It's usually after an extended period of nights below freezing(mid-20's) followed by a good WEEK of constant below freezing temps, with the coldest days with highs in the teens and single digit lows, but a good solid week of temps between 0 and 25 degrees, BUT!!! be careful how much snow comes down and stays on the ice. It can act as an insulator and slow down ice formation.

Then, I take a ride out to Old State Park at Portage Lakes to scout. If anyone is out fishing, I'll head to Mogadore off Congress Lake Rd and scout. If folks are out there, I go home, get all my stuff together, toss and turn all night, and call off work the next day with a SERIOUS case of the fishing flu. Then, I head back to OSP. It's ALWAYS the first to freeze and I always start there for my first trip of the year. Sort of a tradition. Usually, I'll catch 70-100 dink gills with a bass in between, maybe a crappie, depends. Anyway, the heron is VERY happy after my first trip out. LOL.
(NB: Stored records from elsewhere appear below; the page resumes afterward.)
lemma vecm_surj:
  assumes w: "w \<in> carrier_vec (r * c)"
  shows "\<exists>X \<in> carrier_mat r c. vecm X = w"
proof
  define X where "X = mat r c (\<lambda>(a, i). w $ (r * i + a))"
  show "X \<in> carrier_mat r c"
    by (simp add: X_def)
  show "vecm X = w"
  proof (rule eq_vecI)
    fix k
    assume "k < dim_vec w"
    then have k: "k < r * c"
      using w by simp
    then show "vecm X $ k = w $ k"
      using mod_less_of_less_mult[OF k] div_less_of_less_mult[OF k]
      by (simp add: vecm_def X_def)
  qed (use w in \<open>simp add: X_def\<close>)
qed

definition stacked_block :: "nat \<Rightarrow> real mat \<Rightarrow> real mat \<Rightarrow> nat \<Rightarrow> real vec" where
  "stacked_block n H L p = (if p < n then col H p else col L (p - n))"

lemma zoff_add_less:
  assumes "p < n + n" "a < zsz n m p"
  shows "zoff n m p + a < n * (n + m)"
proof (cases "p < n")
  case True
  then have "n * p + a < n * n"
    using assms by (intro mult_add_less_mult) (simp_all add: zsz_def)
  then show ?thesis
    using True by (simp add: zoff_def algebra_simps)
next
  case False
  then have "m * (p - n) + a < m * n"
    using assms by (intro mult_add_less_mult) (simp_all add: zsz_def)
  then show ?thesis
    using False by (simp add: zoff_def distrib_left mult.commute)
qed

lemma stacked_vec_index:
  assumes H: "H \<in> carrier_mat n n" and L: "L \<in> carrier_mat m n"
    and p: "p < n + n" and a: "a < zsz n m p"
  shows "(vecm H @\<^sub>v vecm L) $ (zoff n m p + a) = stacked_block n H L p $ a"
proof (cases "p < n")
  case True
  then have "n * p + a < n * n"
    using a by (intro mult_add_less_mult) (simp_all add: zsz_def)
  then show ?thesis
    using True H L a vecm_index_mult_add[OF H, of a p]
    by (simp add: zoff_def zsz_def stacked_block_def)
next
  case False
  then have "m * (p - n) + a < m * n"
    using p a by (intro mult_add_less_mult) (simp_all add: zsz_def)
  then show ?thesis
    using False H L p a vecm_index_mult_add[OF L, of a "p - n"]
    by (simp add: zoff_def zsz_def stacked_block_def)
qed

lemma Zof_eq_outer_prod: "Zof H L = outer_prod (vecm H @\<^sub>v vecm L)"
  by (simp add: Zof_def outer_prod_def Let_def)

lemma Zof_carrier:
  "H \<in> carrier_mat n n \<Longrightarrow> L \<in> carrier_mat m n \<Longrightarrow> Zof H L \<in> carrier_mat (n * (n + m)) (n * (n + m))"
  by (simp add: Zof_eq_outer_prod outer_prod_def algebra_simps)

lemma vecm_Zblk_Zof:
  assumes H: "H \<in> carrier_mat n n" and L: "L \<in> carrier_mat m n"
    and p: "p < n + n" and q: "q < n + n" and r: "r < zsz n m p * zsz n m q"
  shows "vecm (Zblk n m (Zof H L) p q) $ r
    = stacked_block n H L p $ (r mod zsz n m p) * stacked_block n H L q $ (r div zsz n m p)"
proof -
  let ?a = "r mod zsz n m p" and ?b = "r div zsz n m p"
  have ab: "?a < zsz n m p" "?b < zsz n m q"
    using mod_less_of_less_mult[OF r] div_less_of_less_mult[OF r] .
  have "vecm (Zblk n m (Zof H L) p q) $ r = Zof H L $$ (zoff n m p + ?a, zoff n m q + ?b)"
    using r ab by (simp add: vecm_def Zblk_def)
  also have "\<dots> = stacked_block n H L p $ ?a * stacked_block n H L q $ ?b"
    using zoff_add_less[OF p ab(1)] zoff_add_less[OF q ab(2)] H L
      stacked_vec_index[OF H L p ab(1)] stacked_vec_index[OF H L q ab(2)]
    by (simp add: Zof_eq_outer_prod outer_prod_def algebra_simps)
  finally show ?thesis .
qed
When I go, I'll post and any of you are welcome to meet me on the ice any time.


----------



## hardwaterfan (Apr 6, 2004)

Hey BD Id like to come, if its on a Sat. or Sun.


----------



## Big Daddy (Apr 6, 2004)

No problem. 

Look for an UPDATED PAGE concerning the Presque Isle trip raffle. The dates have been chosen, the raffle is still going on. Going to post a nice page so we can get it rolling. Almost time!!!


----------



## fishintiger (Apr 26, 2004)

Bassnpro1 said:


> hey Tony, did I get you hooked last year?? We will have to get together again and find some of those gils liek we did last year. Take it easy man



I wouldn't say it is hooked. I would use the term addicted. It was a blast. I have a couple of places here that I want to try out and see what I/we can find. I would definetly like to get some more gils like last year. This year though I am going to get a fish club and thump them a couple of times before I go to clean them. Nothing like a fish flopping across the cutting board.


----------